The peregrine falcon is the fastest member of the animal kingdom, recorded at speeds over three hundred kilometres per hour in its hunting dive. Its preferred diet is mid-size birds, but it also takes rabbits, other small mammals and small reptiles. It mates for life and returns to the same nesting spot each year. Nests have been found on tall man-made structures as well as on cliff tops and in the hollows of tall trees.
When Graeme Quigley and Sue Kerrison spotted a pair of peregrine falcons nesting on their newly acquired block of land, on the east side of Mt Camel just past Chinaman’s Bend, they decided to name their vineyard Peregrine Ridge. Many vineyards have a vineyard dog that keeps the birds away from their ripening grapes, but Graeme and Sue have the peregrine falcons to protect their crop. They have no need to net the vines to protect their fruit. “The only problem,” says Graeme, “is that the birds are so interesting to watch, especially when their young are learning to fly, that they distract us from work such as pruning.”
Graeme and Sue grew up in Melbourne’s eastern suburbs. Both their families had a keen interest in food and wine. “My Mum and Dad had frequent fancy dinners, they had a passion for food and wine, and I learned about matching food and wine from them,” says Sue.
Graeme thinks that his Mum and Dad would probably be arrested today for serving alcohol to minors. “We were encouraged to try a little wine or beer with meals. We had little glasses when we were very young, and the glasses got bigger as we did. We grew up knowing that good food and good wine was an important part of life.”
Sue studied business and finance and still works in that field. Graeme is an engineer with a Masters degree in mechanical engineering and a degree in metallurgy. He now manages his own engineering consultancy. “Much of our work is design work, anything from printed circuit boards to large bulk carrier ships,” he says.
Their busy lives led to a poor work-life balance. Sue’s family was used to leaving the city behind on weekends and she thought that having somewhere to escape to would help achieve more relaxation. “I didn’t care where, I was used to going to my nan’s place in the bush,” she says, “but I’d have been happy with a beach place, anywhere to get out of the city.”
But Graeme is not a sedentary person and the beach did not appeal to him. Making wine appealed to him and, in the mid-80s, he thought about the Yarra Valley. He had a chat with David Fieffe of Yarra Burn and the advice he got was to think about it very carefully. “It’s a good way to waste a lot of money,” he was told.

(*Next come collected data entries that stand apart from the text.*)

(* Let $f:\mathbb{R}^n\to\mathbb{R}$ be convex and continuously differentiable, with $|f(x)-f(y)|\le L_0\|x-y\|$ and $\|\nabla f(x)-\nabla f(y)\|\le L_1\|x-y\|$ for all $x,y$. Let $\tilde f(x;\xi)=f(x)[1+\nu(x;\xi)]$, where $\nu$ is i.i.d. with $\mathbb{E}[\nu]=0$, variance $\sigma_r^2>0$, $\mathbb{E}[\frac{1}{1+\nu}]\le b$, and support contained in $[-a,a]$ for some $a<1$. Let $u\in\mathbb{R}^n$ be standard Gaussian and let $u,\xi_1,\xi_2,\xi_3$ be independent. Let $x\in\mathbb{R}^n$ with $f(x)\neq0$ and set $$\tilde\mu=C_4\sqrt{|\tilde f(x;\xi_3)|},\qquad C_4=\left[\frac{16\sigma_r^2 n}{L_1^2(1+3\sigma_r^2)(n+6)^3}\right]^{1/4},$$ and $$\mathcal{E}(\tilde\mu)=\left\|\frac{\tilde f(x+\tilde\mu u;\xi_1)-\tilde f(x;\xi_2)}{\tilde\mu}u-\langle\nabla f(x),u\rangle u\right\|^2 .$$ Then $$\mathbb{E}_{u,\xi_1,\xi_2,\xi_3}[\mathcal{E}(\tilde\mu)]\le(1+b)L_1\sigma_r\sqrt{(1+3\sigma_r^2)n(n+6)^3}\,|f(x)|+3L_0^2\sigma_r^2(n+4)^2.$$
   Context: $\|\cdot\|$ is the Euclidean norm; "standard Gaussian" means mean $0$ and covariance $I_n$. The noise values in the three evaluations (at $x+\tilde\mu u$ with $\xi_1$, at $x$ with $\xi_2$, at $x$ with $\xi_3$) are independent copies of $\nu$. *)

theory Defs
  imports "HOL-Probability.Probability"
begin

definition std_gaussian :: "'a::euclidean_space measure" where
  "std_gaussian = density lborel (\<lambda>x. ennreal (\<Prod>b\<in>Basis. std_normal_density (x \<bullet> b)))"

end

theory Submission
  imports Defs
begin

So he thought about it for fifteen years. In 1998 they were still working hard. Graeme was travelling to India a lot. Finding somewhere they could eventually grow grapes started to excite them again. “We had a list of must-haves,” says Sue. “It had to be within an hour and a half of Melbourne, it needed to have a pleasing aesthetic, in an area with a good reputation for quality red wine. We started looking around Sunbury and Macedon Ranges, and we did lots of research.

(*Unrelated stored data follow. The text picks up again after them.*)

(* Let $\alpha\in(0,1)$ be irrational and let $s_\alpha$ be a Sturmian word of angle $\alpha$. If $s_\alpha$ is $\beta$-power free for some $\beta\ge 2$, then $s_\alpha$ is uniformly abelian-square rich.
   Context: Alphabet $\{a,b\}$; $\{x\}=x-\lfloor x\rfloor$. For irrational $\alpha\in(0,1)$ and $\rho\in[0,1)$, the Sturmian word $s_{\alpha,\rho}=c_0c_1\cdots$ has $c_m=b$ if $\{\rho+m\alpha\}\in[0,1-\alpha)$ and $c_m=a$ otherwise (or with intervals $(0,1-\alpha]$ and $(1-\alpha,1]$); $s_\alpha$ denotes any such word. An infinite word is $\beta$-power free if for every nonempty factor $v$, the ratio of $|v|$ to the minimal period of $v$ is smaller than $\beta$. An abelian square is a word $v_1v_2$ with $v_1,v_2$ having the same numbers of each letter. An infinite word $w$ is uniformly abelian-square rich if there is a constant $C>0$ such that for all sufficiently large $n$, every factor of $w$ of length $n$ has at least $Cn^2$ distinct factors that are abelian squares. *)

theory Defs
  imports Complex_Main
begin

datatype letter = a | b

definition sturmian_lower :: "real \<Rightarrow> real \<Rightarrow> nat \<Rightarrow> letter" where
  "sturmian_lower \<alpha> \<rho> m = (if frac (\<rho> + real m * \<alpha>) < 1 - \<alpha> then b else a)"

text \<open>Sturmian word with intervals (0,1-alpha] for b and (1-alpha,1] for a
  (the fractional part 0 is identified with 1).\<close>
definition sturmian_upper :: "real \<Rightarrow> real \<Rightarrow> nat \<Rightarrow> letter" where
  "sturmian_upper \<alpha> \<rho> m =
     (if 0 < frac (\<rho> + real m * \<alpha>) \<and> frac (\<rho> + real m * \<alpha>) \<le> 1 - \<alpha> then b else a)"

definition is_sturmian :: "real \<Rightarrow> (nat \<Rightarrow> letter) \<Rightarrow> bool" where
  "is_sturmian \<alpha> w \<longleftrightarrow> (\<exists>\<rho>. 0 \<le> \<rho> \<and> \<rho> < 1 \<and> (w = sturmian_lower \<alpha> \<rho> \<or> w = sturmian_upper \<alpha> \<rho>))"

definition inf_factor :: "(nat \<Rightarrow> 'x) \<Rightarrow> nat \<Rightarrow> nat \<Rightarrow> 'x list" where
  "inf_factor w i n = map w [i..<i+n]"

definition is_factor :: "'x list \<Rightarrow> 'x list \<Rightarrow> bool" where
  "is_factor u v \<longleftrightarrow> (\<exists>xs ys. v = xs @ u @ ys)"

“The area north of Heathcote looked good. One property came up for sale but we were unable to attend that auction.” Just over a month later, Graeme noticed that a property almost identical to one they had just missed out on came on to the market. But Sue had started to lose interest. Rather then suggest they continue looking for a property, Graeme said “I am working too hard, let’s just go for a drive in the country.”

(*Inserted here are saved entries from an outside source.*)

lemma hcomp_in_Cel [simp]:
    "a \<in> Cel A \<Longrightarrow> b \<in> Cel A \<Longrightarrow> mtgt A (cdom A a) = msrc A (cdom A b) \<Longrightarrow> hcomp A b a \<in> Cel A"
  and cdom_hcomp [simp]:
    "a \<in> Cel A \<Longrightarrow> b \<in> Cel A \<Longrightarrow> mtgt A (cdom A a) = msrc A (cdom A b) \<Longrightarrow>
      cdom A (hcomp A b a) = mcomp A (cdom A b) (cdom A a)"
  and ccod_hcomp [simp]:
    "a \<in> Cel A \<Longrightarrow> b \<in> Cel A \<Longrightarrow> mtgt A (cdom A a) = msrc A (cdom A b) \<Longrightarrow>
      ccod A (hcomp A b a) = mcomp A (ccod A b) (ccod A a)"
  using two_category unfolding two_category_def by - (elim conjE; blast)+

lemma hcomp_assoc:
  "\<lbrakk>a \<in> Cel A; b \<in> Cel A; c \<in> Cel A;
    mtgt A (cdom A a) = msrc A (cdom A b); mtgt A (cdom A b) = msrc A (cdom A c)\<rbrakk> \<Longrightarrow>
    hcomp A c (hcomp A b a) = hcomp A (hcomp A c b) a"
  using two_category unfolding two_category_def by (elim conjE) metis

lemma hcomp_cid_mid_right [simp]: "a \<in> Cel A \<Longrightarrow> hcomp A a (cid A (mid A (msrc A (cdom A a)))) = a"
  and hcomp_cid_mid_left [simp]: "a \<in> Cel A \<Longrightarrow> hcomp A (cid A (mid A (mtgt A (cdom A a)))) a = a"
  using two_category unfolding two_category_def by - (elim conjE; metis)+

lemma hcomp_cid_cid [simp]:
  "f \<in> Mor A \<Longrightarrow> g \<in> Mor A \<Longrightarrow> mtgt A f = msrc A g \<Longrightarrow> hcomp A (cid A g) (cid A f) = cid A (mcomp A g f)"
  using two_category unfolding two_category_def by (elim conjE) metis

lemma interchange:
  "\<lbrakk>a \<in> Cel A; a' \<in> Cel A; b \<in> Cel A; b' \<in> Cel A;
    ccod A a = cdom A a'; ccod A b = cdom A b'; mtgt A (cdom A a) = msrc A (cdom A b)\<rbrakk> \<Longrightarrow>
    vcomp A (hcomp A b' a') (hcomp A b a) = hcomp A (vcomp A b' b) (vcomp A a' a)"
  using two_category unfolding two_category_def by (elim conjE) metis

lemma vcomp_cid_cid [simp]: "f \<in> Mor A \<Longrightarrow> vcomp A (cid A f) (cid A f) = cid A f"
  using vcomp_cid_right[of "cid A f"] by simp

lemma lwhisk_cid:
  "f \<in> Mor A \<Longrightarrow> m \<in> Mor A \<Longrightarrow> mtgt A f = msrc A m \<Longrightarrow> lwhisk A m (cid A f) = cid A (mcomp A m f)"
  unfolding lwhisk_def by simp

lemma lwhisk_vcomp:
  "\<lbrakk>m \<in> Mor A; a \<in> Cel A; b \<in> Cel A; ccod A a = cdom A b; mtgt A (cdom A a) = msrc A m\<rbrakk> \<Longrightarrow>
    lwhisk A m (vcomp A b a) = vcomp A (lwhisk A m b) (lwhisk A m a)"
  unfolding lwhisk_def using interchange[of a b "cid A m" "cid A m"] by simp

lemma rwhisk_vcomp:
  "\<lbrakk>e \<in> Mor A; a \<in> Cel A; b \<in> Cel A; ccod A a = cdom A b; mtgt A e = msrc A (cdom A a)\<rbrakk> \<Longrightarrow>
    rwhisk A (vcomp A b a) e = vcomp A (rwhisk A b e) (rwhisk A a e)"
  unfolding rwhisk_def using interchange[of "cid A e" "cid A e" a b] by simp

When they arrived in Heathcote, Graeme said, “Oh look! There’s an auction today.” The property was passed in, but they returned the following weekend to make sure and then made a successful offer the following Monday. “It’s one hour and thirty five minutes from Melbourne, we missed out on meeting that criterion by five minutes,” says Sue. The property had been running sheep and the previous owner had experimented with some crops.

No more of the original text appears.